Background
A large number of clinical studies based on spontaneous pregnancies (SP) have proved the superiority of non-invasive prenatal testing (NIPT), and whether this technology is suitable for the offspring of assisted reproductive technology (ART) has attracted people's attention. The aim of this study is to evaluate the application value of NIPT in screening for trisomy21(T21), trisomy18(T18), trisomy13(T13) and sex chromosome aneuploidy (SCA) in pregnant women underwent in vitro fertilization (IVF).
Results
A total of 804 cases (0.88% (804/91280), singleton = 795, twin = 9) of high-risk in the SP group, of the 558 cases (singleton = 556, twin = 2) that underwent invasive prenatal diagnosis (IPD), 343 cases (singleton = 342, twin = 1) were true positive, including 213 cases T21, 28 cases T18, 5 cases T13 and 97 cases (singleton = 96, twin = 1) SCA. The positive predictive value (PPV) of T21, T18, T13 and SCA in singleton pregnancies were 89.12% (213/239), 51.85% (28/54), 21.74% (5/23) and 40.00% (96/240), and the PPV of SCA in twin pregnancies was 100.00%. In the in vitro fertilization (IVF) group, IPD was underwent in 19 cases (singleton = 16, twin = 3) of the 27 cases (0.78% (27/3477), singleton = 16, twin = 3) high-risk, of which 9 cases (singleton = 8, twin = 1) were true positive, including 5 cases (singleton = 4, twin = 1) T21 and 4 cases of SCA. The PPV of singleton T21 and SCA was 66.67% (4/6) and 50.00% (4/8), and the PPV of twin T21 was 100.00% (1/1). There was no significant difference in sensitivity and specificity between the two groups.

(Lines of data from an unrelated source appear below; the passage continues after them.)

lemma reduce_pair_cherry_eq:
  assumes "is_cherry (V, A) x y" "parents A x = {p}" "children A p = {x, y}" "parents A p = {g}"
  shows "reduce_pair (V, A) (x, y) = (V - {x} - {p}, A - {(p, x)} - {(g, p), (p, y)} \<union> {(g, y)})"
    (is "_ = ?reduced")
proof -
  have "(p, x) \<in> A" "x \<noteq> y"
    using assms(1,3) by (auto simp: is_cherry_def)
  then have "p \<noteq> x"
    using no_self_arc by blast
  then have "p \<in> V - {x}"
    using arc_source \<open>(p, x) \<in> A\<close> by blast
  moreover have "parents (A - {(p, x)}) p = {g}" "children (A - {(p, x)}) p = {y}"
    using assms(3,4) \<open>x \<noteq> y\<close> \<open>p \<noteq> x\<close> by (auto simp: set_eq_iff)
  ultimately have "suppress_if p (V - {x}, A - {(p, x)}) = ?reduced"
    by (rule suppress_if_eq)
  with assms(1,2) show ?thesis
    by (simp add: reduce_pair_def par_eq)
qed

lemma cherry_reduction_bypass:
  assumes cherry: "is_cherry (V, A) x y"
  obtains D \<rho> where "network_bypass V A D \<rho>" "D \<inter> V \<noteq> {}"
    "reduce_pair (V, A) (x, y) = (V - D, bypass_arcs D \<rho> A)"
proof -
  obtain p g where x: "is_leaf (V, A) x" and y: "is_leaf (V, A) y" and "x \<noteq> y"
    and px: "parents A x = {p}" and py: "parents A y = {p}"
    and cp: "children A p = {x, y}" and gp: "parents A p = {g}"
    using cherry_neighbourhood[OF cherry] by blast
  note arcs = arc_into_iff[OF px] arc_into_iff[OF py] arc_from_iff[OF cp] arc_into_iff[OF gp]
    leaf_no_child[OF x] leaf_no_child[OF y]
  have "(p, x) \<in> A" "(p, y) \<in> A" "(g, p) \<in> A"
    by (simp_all add: arcs)
  then have "p \<noteq> x" "p \<noteq> y" "g \<noteq> p" "g \<noteq> x" "g \<noteq> y" "p \<in> V"
    using no_self_arc leaf_no_child[OF x] leaf_no_child[OF y] arc_source by metis+
  note distinct = this(1-5) \<open>x \<noteq> y\<close>
  define \<rho> where "\<rho> v = (if v = p then y else v)" for v
  have "network_bypass V A {x, p} \<rho>"
  proof (intro network_bypass.intro network_bypass_axioms.intro binary_network_axioms)
    show "w = \<rho> d \<and> is_leaf (V, A) w \<and> card (parents A d - {x, p}) = 1"
      if "(d, w) \<in> A" "d \<in> {x, p}" "w \<notin> {x, p}" for d w
    proof -
      have "d = p" "w = y"
        using that arcs by auto
      then show ?thesis
        using y distinct by (simp add: \<rho>_def gp)
    qed
    show "is_root (V, A) r \<Longrightarrow> r \<notin> {x, p}" for r
      using root_no_parent arcs by blast
  qed (use arcs distinct y in \<open>auto simp: \<rho>_def\<close>)
  moreover have "A - {(p, x)} - {(g, p), (p, y)} \<union> {(g, y)} = bypass_arcs {x, p} \<rho> A"
    using distinct
    by (auto simp: set_eq_iff network_bypass.bypass_arcs_iff[OF calculation] \<rho>_def arcs)
  moreover have "V - {x} - {p} = V - {x, p}"
    by blast
  moreover have "{x, p} \<inter> V \<noteq> {}"
    using \<open>p \<in> V\<close> by blast
  ultimately show ?thesis
    using that reduce_pair_cherry_eq[OF cherry px cp gp] by metis
qed
(* Let $\pi$ be a stationary deterministic memoryless policy, $\hat q:\mathcal{S}\times\mathcal{A}\to\mathbb{R}$ any function, $\omega>0$ and $\mathcal{S}_{\text{fix}}\subseteq\mathcal{S}$. Let $\pi'=\pi_{\hat q,\pi,\mathcal{S}_{\text{fix}}}$ be the CAPI update. Assume that $|\hat q(s,a)-q^\pi(s,a)|\le\omega$ for all $s\in\mathcal{S}\setminus\mathcal{S}_{\text{fix}}$ and all $a\in\mathcal{A}$. Then $v^{\pi'}(s)\ge v^\pi(s)$ for every $s\in\mathcal{S}$.
   Context: An MDP is $M=(\mathcal{S},\mathcal{A},\mathcal{Q})$ with measurable state space $\mathcal{S}$, finite action set $\mathcal{A}=(\mathcal{A}_1,\dots,\mathcal{A}_{|\mathcal{A}|})$ (with a fixed ordering), and transition-reward kernel $\mathcal{Q}:\mathcal{S}\times\mathcal{A}\to\mathcal{M}_1(\mathcal{S}\times[0,1])$ with marginals $P(\cdot|s,a)$ (next state) and $\mathcal{R}(\cdot|s,a)$ (reward), $r(s,a)$ the mean reward; discount factor $\gamma\in(0,1)$. For a stationary memoryless policy $\pi$, $v^\pi(s)=\mathbb{E}_{\pi,s}[\sum_{t\ge0}\gamma^tR_t]$ and $q^\pi(s,a)=\mathbb{E}_{\pi,s,a}[\sum_{t\ge0}\gamma^tR_t]$ (trajectory started at $s$, resp. with first action $a$, then following $\pi$). For a deterministic policy, $\pi(s)$ denotes the chosen action. CAPI update: given $\hat q$, a deterministic policy $\pi$, $\omega>0$ and $\mathcal{S}_{\text{fix}}\subseteq\mathcal{S}$, the deterministic policy $\pi_{\hat q,\pi,\mathcal{S}_{\text{fix}}}$ is defined by $\pi_{\hat q,\pi,\mathcal{S}_{\text{fix}}}(s)=\arg\max_{a\in\mathcal{A}}\hat q(s,a)$ if $s\notin\mathcal{S}_{\text{fix}}$ and $\hat q(s,\pi(s))+\omega<\max_{a}\hat q(s,a)-\omega$, and $=\pi(s)$ otherwise; the argmax breaks ties by choosing the action $\mathcal{A}_i$ with the smallest index $i$. *)

theory Defs
  imports "HOL-Probability.Probability"
begin

(* Actions: a finite type 'b whose
   linear order is the fixed ordering A_1 < ... < A_|A|.
   The transition-reward kernel Q s a is a probability measure on S x [0,1]
   (realised as a probability measure on S \<Otimes> borel concentrated on space S x {0..1}). *)

definition mdp :: "'s measure \<Rightarrow> ('s \<Rightarrow> 'b \<Rightarrow> ('s \<times> real) measure) \<Rightarrow> bool" where
  "mdp S Q \<longleftrightarrow>
     (\<forall>a. (\<lambda>s. Q s a) \<in> S \<rightarrow>\<^sub>M prob_algebra (S \<Otimes>\<^sub>M borel)) \<and>
     (\<forall>s\<in>space S. \<forall>a. emeasure (Q s a) (space S \<times> {0..1}) = 1)"

(* Law of (S_n, sum_{t<n} gamma^t R_t) along a trajectory started in s, where the action
   taken at time t in state x is act t x. *)
fun traj :: "'s measure \<Rightarrow> ('s \<Rightarrow> 'b \<Rightarrow> ('s \<times> real) measure) \<Rightarrow> real
      \<Rightarrow> (nat \<Rightarrow> 's \<Rightarrow> 'b) \<Rightarrow> 's \<Rightarrow> nat \<Rightarrow> ('s \<times> real) measure" where
  "traj S Q \<gamma> act s 0 = return (S \<Otimes>\<^sub>M borel) (s, 0)"
| "traj S Q \<gamma> act s (Suc n) =
     Giry_Monad.bind (traj S Q \<gamma> act s n)
       (\<lambda>(x, g). distr (Q x (act n x)) (S \<Otimes>\<^sub>M borel) (\<lambda>(x', r). (x', g + \<gamma> ^ n * r)))"

definition vfun :: "'s measure \<Rightarrow> ('s \<Rightarrow> 'b \<Rightarrow> ('s \<times> real) measure) \<Rightarrow> real
      \<Rightarrow> ('s \<Rightarrow> 'b) \<Rightarrow> 's \<Rightarrow> real" where
  "vfun S Q \<gamma> \<pi> s = lim (\<lambda>n. \<integral>z. snd z \<partial>(traj S Q \<gamma> (\<lambda>t x. \<pi> x) s n))"

definition qfun :: "'s measure \<Rightarrow> ('s \<Rightarrow> 'b \<Rightarrow> ('s \<times> real) measure) \<Rightarrow> real
      \<Rightarrow> ('s \<Rightarrow> 'b) \<Rightarrow> 's \<Rightarrow> 'b \<Rightarrow> real" where
  "qfun S Q \<gamma> \<pi> s a =
     lim (\<lambda>n. \<integral>z. snd z \<partial>(traj S Q \<gamma> (\<lambda>t x. if t = 0 then a else \<pi> x) s n))"

definition greedy :: "('s \<Rightarrow> 'b::{finite,linorder} \<Rightarrow> real) \<Rightarrow> 's \<Rightarrow> 'b" where
  "greedy qh s = (LEAST a. \<forall>b. qh s b \<le> qh s a)"

definition capi :: "('s \<Rightarrow> 'b::{finite,linorder} \<Rightarrow> real) \<Rightarrow> ('s \<Rightarrow> 'b) \<Rightarrow> real \<Rightarrow> 's set \<Rightarrow> 's \<Rightarrow> 'b" where
  "capi qh \<pi> \<omega> Sfix s =
     (if s \<notin> Sfix \<and> qh s (\<pi> s) + \<omega> < Max (range (qh s)) - \<omega> then greedy qh s else \<pi> s)"

end

theory Submission
  imports Defs
begin

(* Unrolling a trajectory from its last step shows that the expected n-step return of a
   stationary policy p is T_p^n 0, where T_p h x = r(x, p x) + gamma * E[h(x') | x, p x] is the
   Bellman operator of p. Hence v^p = lim T_p^n 0 is a fixed point of T_p, and
   q^p(x, a) = r(x, a) + gamma * E[v^p(x') | x, a].
   CAPI only leaves pi(x) for the greedy action a when qh(x, a) - omega > qh(x, pi x) + omega,
   so the accuracy of qh gives q^pi(x, pi' x) >= q^pi(x, pi x) = v^pi(x), i.e. v^pi <= T_pi' v^pi.
   By monotonicity v^pi <= T_pi'^n v^pi, and since T_pi' is a gamma-contraction
   T_pi'^n v^pi - T_pi'^n 0 = O(gamma^n), whence v^pi <= v^pi'. *)

lemma integral_bind_AE_bounded:
  fixes f :: "_ \<Rightarrow> real"
  assumes f[measurable]: "f \<in> borel_measurable K"
    and N[measurable]: "N \<in> M \<rightarrow>\<^sub>M subprob_algebra K"
    and M: "prob_space M"
    and bound: "AE y in M \<bind> N. \<bar>f y\<bar> \<le> B"
  shows "integral\<^sup>L (M \<bind> N) f = (\<integral>x. integral\<^sup>L (N x) f \<partial>M)"
proof -
  define clip where "clip y = max (-B) (min B y)" for y :: real
  have clip_abs_le: "\<bar>clip y\<bar> \<le> \<bar>B\<bar>" for y
    by (simp add: clip_def max_def min_def abs_if)
  have clip_id: "\<bar>y\<bar> \<le> B \<Longrightarrow> clip y = y" for y
    by (simp add: clip_def max_def min_def abs_le_iff)
  have [measurable]: "(\<lambda>y. clip (f y)) \<in> borel_measurable K"
    unfolding clip_def by measurable
  have sets_bind_K: "sets (M \<bind> N) = sets K"
    using sets_bind[OF sets_kernel[OF N] prob_space.not_empty[OF M]] .
  have AE_inner: "AE x in M. AE y in N x. \<bar>f y\<bar> \<le> B"
    using bound by (subst (asm) AE_bind[OF N]) measurable
  have "integral\<^sup>L (M \<bind> N) f = integral\<^sup>L (M \<bind> N) (\<lambda>y. clip (f y))"
    using bound
    by (intro integral_cong_AE) (auto simp: clip_id cong: measurable_cong_sets[OF sets_bind_K])
  also have "\<dots> = (\<integral>x. integral\<^sup>L (N x) (\<lambda>y. clip (f y)) \<partial>M)"
    using subprob_space.subprob_emeasure_le_1[OF subprob_space_kernel[OF N]] M
    by (intro integral_bind[where K=K and B="\<bar>B\<bar>" and B'=1] clip_abs_le) (auto simp: prob_space_def)
  also have "\<dots> = (\<integral>x. integral\<^sup>L (N x) f \<partial>M)"
  proof (rule integral_cong_AE)
    show "AE x in M. integral\<^sup>L (N x) (\<lambda>y. clip (f y)) = integral\<^sup>L (N x) f"
      using AE_inner AE_space
    proof eventually_elim
      case (elim x)
      then show ?case
        by (intro integral_cong_AE)
           (auto simp: clip_id cong: measurable_cong_sets[OF sets_kernel[OF N elim(2)]])
    qed
  qed simp_all
  finally show ?thesis .
qed
(* In the BICM setting described in the context, with message $1$ transmitted and $\mathsf D$ the ORBGRAND metric, for any $w'\ne1$ and any $\theta<0$, almost surely $$\lim_{N\to\infty}\frac1N\ln\mathbb E\big\{e^{N\theta\mathsf D(w')}\,\big|\,\underline{\mathsf T}\big\}=m\int_0^1\ln\big(1+e^{\frac\theta m t}\big)\,\mathrm dt-m\ln2.$$
   Context: Let $m\ge1$, let $\mathcal S$ be a constellation with $|\mathcal S|=2^m$, and let $\mu:\{+1,-1\}^m\to\mathcal S$ be a bijective labeling. For $s\in\mathcal S$, let $b_j(s)$ be the $j$-th coordinate of $\mu^{-1}(s)$. The channel is memoryless with output space $\mathbb R^d$ (norm $|\cdot|$) and transition densities $p(y\mid s)$. For $j=1,\dots,m$ define $$q_j^\pm(y)=2^{-(m-1)}\sum_{s:\,b_j(s)=\pm1}p(y\mid s).$$ For each $j$, let $\mathsf X_j$ be uniform on $\{\pm1\}$ and let $\mathsf Y$ have density $q_j^{\mathsf X_j}$ given $\mathsf X_j$. Let $\Psi_j$ be the CDF of $|\ln(q_j^+(\mathsf Y)/q_j^-(\mathsf Y))|$, and let $\bar\Psi=\frac1m\sum_j\Psi_j$. Assume that for each $j$: (A1) there exist $M_1>0$, $a>0$ and a polynomial $S_1$ with $q_j^\pm(y)<S_1(|y|)e^{-a|y|}$ for $|y|>M_1$; (A2) there exist $M_2>0$ and a polynomial $S_2$ with $|\ln(q_j^+(y)/q_j^-(y))|<S_2(|y|)$ for $|y|>M_2$; (A3) $\Psi_j$, $\Psi_j^{-1}$, $\bar\Psi$ and $\bar\Psi^{-1}$ are smooth with finite first, second and third derivatives. Random coding: the codebook has $\lceil e^{NR}\rceil$ codewords, each consisting of bits $\mathsf X_{i,j}(w)$, $i\le N$, $j\le m$, all i.i.d. uniform on $\{\pm1\}$. Message $1$ is transmitted. Symbol $i$ is $s_i(1)=\mu(\mathsf X_{i,1}(1),\dots,\mathsf X_{i,m}(1))$, and the outputs $\mathsf Y_i$ are conditionally independent with densities $p(\cdot\mid s_i(1))$. Let $\mathsf T_{i,j}=\ln(q_j^+(\mathsf Y_i)/q_j^-(\mathsf Y_i))$, and let $\underline{\mathsf T}$ be the collection of all $\mathsf T_{i,j}$. Let $\mathsf R_{i,j}$ be the rank of $|\mathsf T_{i,j}|$ among all $mN$ values (rank $1$ is the smallest). Let $\mathrm{sgn}(t)=1$ if $t\ge0$ and $-1$ otherwise. The ORBGRAND metric is $$\mathsf D(w)=\frac1{mN}\sum_{i,j}\frac{\mathsf R_{i,j}}{mN}\mathbf 1\big(\mathrm{sgn}(\mathsf T_{i,j})\mathsf X_{i,j}(w)<0\big).$$ *)

theory Defs
  imports "HOL-Probability.Probability" "HOL-Computational_Algebra.Polynomial"
begin

definition bitvecs :: "nat \<Rightarrow> int list set" where
  "bitvecs m = {xs. length xs = m \<and> set xs \<subseteq> {-1, 1}}"

definition labbit :: "(int list \<Rightarrow> 's) \<Rightarrow> nat \<Rightarrow> 's \<Rightarrow> nat \<Rightarrow> int" where
  "labbit \<mu> m s j = (inv_into (bitvecs m) \<mu> s) ! j"

definition qfun :: "'s set \<Rightarrow> (int list \<Rightarrow> 's) \<Rightarrow> nat \<Rightarrow> ('s \<Rightarrow> 'y \<Rightarrow> real)
    \<Rightarrow> nat \<Rightarrow> int \<Rightarrow> 'y \<Rightarrow> real" where
  "qfun S \<mu> m p j b y = (1/2) ^ (m - 1) * (\<Sum>s\<in>{s\<in>S. labbit \<mu> m s j = b}. p s y)"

Based on follow-up, we found 1 case of T21 false negative results in SP group and no false negative case in IVF group. Additionally, the mean fetal fraction (FF) of IVF group was lower than that of SP group (11.23%vs.10.51%, p < 0.05).
Conclusion
NIPT has high sensitivity and specificity in screening chromosomal aneuploidies in both IVF pregnant women and spontaneous pregnancies pregnant women, so it is an ideal screening method for IVF pregnant women.